■ What is being asked ■
For each line of the listing that holds "identities", show the full line.
◇ ◇ ◇ ◇ ◇ ◇ ◇
(* Let $(A,\circ_A,[\cdot,\cdot]_A)$ and $(B,\circ_B,[\cdot,\cdot]_B)$ be dual pre-Poisson algebras. Define bilinear operations on $A\otimes B$ by $$(x\otimes a)\circ_{A\otimes B}(y\otimes b)=(x\circ_A y)\otimes(a\circ_B b),$$ $$[x\otimes a,y\otimes b]_{A\otimes B}=[x,y]_A\otimes(a\circ_B b)+(x\circ_A y)\otimes[a,b]_B,$$ for $x,y\in A$, $a,b\in B$. Then $(A\otimes B,\circ_{A\otimes B},[\cdot,\cdot]_{A\otimes B})$ is a dual pre-Poisson algebra.
   Context: Field $\mathbb{F}$ of characteristic $0$. A dual pre-Poisson algebra is a vector space with bilinear operations $\circ,[\cdot,\cdot]$ satisfying, for all $x,y,z$: $x\circ(y\circ z)=(x\circ y)\circ z=(y\circ x)\circ z$; $[x,[y,z]]=[[x,y],z]+[y,[x,z]]$; $[x,y\circ z]=[x,y]\circ z+y\circ[x,z]$; $[x\circ y,z]=x\circ[y,z]+y\circ[x,z]$; $[x,y]\circ z=-[y,x]\circ z$. *)

theory Defs
  imports Complex_Main
begin

definition bilinear_map ::
  "('k::field \<Rightarrow> 'a::ab_group_add \<Rightarrow> 'a) \<Rightarrow> ('k \<Rightarrow> 'b::ab_group_add \<Rightarrow> 'b) \<Rightarrow>
   ('k \<Rightarrow> 'c::ab_group_add \<Rightarrow> 'c) \<Rightarrow> ('a \<Rightarrow> 'b \<Rightarrow> 'c) \<Rightarrow> bool" where
  "bilinear_map sA sB sC f \<longleftrightarrow>
     (\<forall>x. Vector_Spaces.linear sB sC (f x)) \<and> (\<forall>y. Vector_Spaces.linear sA sC (\<lambda>x. f x y))"

definition dual_pre_Poisson ::
  "('k::field \<Rightarrow> 'a::ab_group_add \<Rightarrow> 'a) \<Rightarrow> ('a \<Rightarrow> 'a \<Rightarrow> 'a) \<Rightarrow> ('a \<Rightarrow> 'a \<Rightarrow> 'a) \<Rightarrow> bool" where
  "dual_pre_Poisson s circ br \<longleftrightarrow>
     vector_space s \<and> bilinear_map s s s circ \<and> bilinear_map s s s br \<and>
     (\<forall>x y z.
        circ x (circ y z) = circ (circ x y) z \<and>
        circ (circ x y) z = circ (circ y x) z \<and>
        br x (br y z) = br (br x y) z + br y (br x z) \<and>
        br x (circ y z) = circ (br x y) z + circ y (br x z) \<and>
        br (circ x y) z = circ x (br y z) + circ y (br x z) \<and>
        circ (br x y) z = - circ (br y x) z)"

text \<open>(T, tens) is a tensor product of the vector spaces (A, sA) and (B, sB):
tens is bilinear, the pure tensors span T, and every bilinear form on A \<times> B
factors through a linear functional on T (universal property; together with
spanning this determines T up to unique isomorphism as A \<otimes> B).\<close>

definition is_tensor_product ::
  "('k::field \<Rightarrow> 'a::ab_group_add \<Rightarrow> 'a) \<Rightarrow> ('k \<Rightarrow> 'b::ab_group_add \<Rightarrow> 'b) \<Rightarrow>
   ('k \<Rightarrow> 't::ab_group_add \<Rightarrow> 't) \<Rightarrow> ('a \<Rightarrow> 'b \<Rightarrow> 't) \<Rightarrow> bool" where
  "is_tensor_product sA sB sT tens \<longleftrightarrow>
     vector_space sA \<and> vector_space sB \<and> vector_space sT \<and>
     bilinear_map sA sB sT tens \<and>
     module.span sT (range (case_prod tens)) = UNIV \<and>
     (\<forall>g. bilinear_map sA sB ((*) :: 'k \<Rightarrow> 'k \<Rightarrow> 'k) g \<longrightarrow>
        (\<exists>h. Vector_Spaces.linear sT ((*) :: 'k \<Rightarrow> 'k \<Rightarrow> 'k) h \<and> (\<forall>x y. h (tens x y) = g x y)))"

end

theory Submission
  imports Defs
begin

text \<open>All six defining identities are equalities between trilinear maps, so it suffices to
check them on pure tensors, which span A \<otimes> B. On pure tensors each identity expands into
tensors of products in A and B; the identities of A and B, with \<open>\<circ>\<close> normalised by
associativity and left commutativity, make both sides agree. Characteristic 0 plays no role.\<close>

lemma bilinear_map_linear_left:
  "bilinear_map sA sB sC f \<Longrightarrow> Vector_Spaces.linear sA sC (\<lambda>x. f x y)"
  unfolding bilinear_map_def by blast

lemma bilinear_map_linear_right:
  "bilinear_map sA sB sC f \<Longrightarrow> Vector_Spaces.linear sB sC (f x)"
  unfolding bilinear_map_def by blast

lemma bilinear_map_swap:
  "bilinear_map sA sB sC f \<Longrightarrow> bilinear_map sB sA sC (\<lambda>y x. f x y)"
  unfolding bilinear_map_def by blast

lemma bilinear_map_add_left:
  "bilinear_map sA sB sC f \<Longrightarrow> f (x + x') y = f x y + f x' y"
  using module_hom.add[OF bilinear_map_linear_left[unfolded linear_iff_module_hom]] .

lemma bilinear_map_add_right:
  "bilinear_map sA sB sC f \<Longrightarrow> f x (y + y') = f x y + f x y'"
  using module_hom.add[OF bilinear_map_linear_right[unfolded linear_iff_module_hom]] .

lemma bilinear_map_diff_left:
  "bilinear_map sA sB sC f \<Longrightarrow> f (x - x') y = f x y - f x' y"
  using module_hom.diff[OF bilinear_map_linear_left[unfolded linear_iff_module_hom]] .

lemma bilinear_map_diff_right:
  "bilinear_map sA sB sC f \<Longrightarrow> f x (y - y') = f x y - f x y'"
  using module_hom.diff[OF bilinear_map_linear_right[unfolded linear_iff_module_hom]] .

lemma bilinear_map_minus_left:
  "bilinear_map sA sB sC f \<Longrightarrow> f (- x) y = - f x y"
  using module_hom.neg[OF bilinear_map_linear_left[unfolded linear_iff_module_hom]] .

lemma bilinear_map_minus_right:
  "bilinear_map sA sB sC f \<Longrightarrow> f x (- y) = - f x y"
  using module_hom.neg[OF bilinear_map_linear_right[unfolded linear_iff_module_hom]] .

definition trilinear_map ::
  "('k::field \<Rightarrow> 'a::ab_group_add \<Rightarrow> 'a) \<Rightarrow> ('k \<Rightarrow> 'b::ab_group_add \<Rightarrow> 'b) \<Rightarrow>
   ('a \<Rightarrow> 'a \<Rightarrow> 'a \<Rightarrow> 'b) \<Rightarrow> bool" where
  "trilinear_map s s' f \<longleftrightarrow>
     (\<forall>y z. Vector_Spaces.linear s s' (\<lambda>x. f x y z)) \<and>
     (\<forall>x z. Vector_Spaces.linear s s' (\<lambda>y. f x y z)) \<and>
     (\<forall>x y. Vector_Spaces.linear s s' (\<lambda>z. f x y z))"

lemma trilinear_map_compose_left:
  assumes "bilinear_map s s s g" and "bilinear_map s s s' f"
  shows "trilinear_map s s' (\<lambda>x y z. f (g x y) z)"
  using Vector_Spaces.linear_compose[OF bilinear_map_linear_left[OF assms(1)]
      bilinear_map_linear_left[OF assms(2)]]
    Vector_Spaces.linear_compose[OF bilinear_map_linear_right[OF assms(1)]
      bilinear_map_linear_left[OF assms(2)]]
    bilinear_map_linear_right[OF assms(2)]
  by (simp add: trilinear_map_def comp_def)

lemma trilinear_map_compose_right:
  assumes "bilinear_map s s s g" and "bilinear_map s s s' f"
  shows "trilinear_map s s' (\<lambda>x y z. f x (g y z))"
  using bilinear_map_linear_left[OF assms(2)]
    Vector_Spaces.linear_compose[OF bilinear_map_linear_left[OF assms(1)]
      bilinear_map_linear_right[OF assms(2)]]
    Vector_Spaces.linear_compose[OF bilinear_map_linear_right[OF assms(1)]
      bilinear_map_linear_right[OF assms(2)]]
  by (simp add: trilinear_map_def comp_def)

lemma trilinear_map_swap:
  "trilinear_map s s' f \<Longrightarrow> trilinear_map s s' (\<lambda>x y z. f y x z)"
  unfolding trilinear_map_def by blast

lemma linear_imp_vector_space_pair:
  "Vector_Spaces.linear s1 s2 f \<Longrightarrow> vector_space_pair s1 s2"
  unfolding Vector_Spaces.linear_iff vector_space_pair_def by blast

lemma trilinear_map_add:
  assumes "trilinear_map s s' f" and "trilinear_map s s' g"
  shows "trilinear_map s s' (\<lambda>x y z. f x y z + g x y z)"
proof -
  have linear_add: "Vector_Spaces.linear s s' (\<lambda>v. p v + q v)"
    if "Vector_Spaces.linear s s' p" "Vector_Spaces.linear s s' q" for p q
    using vector_space_pair.linear_compose_add[OF linear_imp_vector_space_pair[OF that(1)] that] .
  show ?thesis
    using assms unfolding trilinear_map_def by (simp add: linear_add)
qed

lemma trilinear_map_minus:
  assumes "trilinear_map s s' f"
  shows "trilinear_map s s' (\<lambda>x y z. - f x y z)"
proof -
  have linear_minus: "Vector_Spaces.linear s s' (\<lambda>v. - p v)" if "Vector_Spaces.linear s s' p" for p
    using vector_space_pair.linear_compose_neg[OF linear_imp_vector_space_pair[OF that] that] .
  show ?thesis
    using assms unfolding trilinear_map_def by (simp add: linear_minus)
qed

lemma trilinear_map_eq_on_span:
  assumes f: "trilinear_map s s' f" and g: "trilinear_map s s' g"
    and span: "module.span s P = UNIV"
    and eq: "\<And>x y z. x \<in> P \<Longrightarrow> y \<in> P \<Longrightarrow> z \<in> P \<Longrightarrow> f x y z = g x y z"
  shows "f = g"
proof -
  from f interpret vector_space_pair s s'
    unfolding trilinear_map_def by (blast intro: linear_imp_vector_space_pair)
  have in_span: "v \<in> module.span s P" for v
    using span by simp
  have eq_if_xy_in_P: "f x y z = g x y z" if "x \<in> P" "y \<in> P" for x y z
    using f g eq that
    by (intro linear_eq_on[of "f x y" "g x y" z P, OF _ _ in_span])
      (simp_all add: trilinear_map_def)
  have eq_if_x_in_P: "f x y z = g x y z" if "x \<in> P" for x y z
    using f g eq_if_xy_in_P that
    by (intro linear_eq_on[of "\<lambda>y. f x y z" "\<lambda>y. g x y z" y P, OF _ _ in_span])
      (simp_all add: trilinear_map_def)
  have "f x y z = g x y z" for x y z
    using f g eq_if_x_in_P
    by (intro linear_eq_on[of "\<lambda>x. f x y z" "\<lambda>x. g x y z" x P, OF _ _ in_span])
      (simp_all add: trilinear_map_def)
  then show ?thesis by blast
qed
◇ ◇ ◇ ◇ ◇ ◇ ◇
■ Answer ■
text \<open>All six defining identities are equalities between trilinear maps, so it suffices to
tensors of products in A and B; the identities of A and B, with \<open>\<circ>\<close> normalised by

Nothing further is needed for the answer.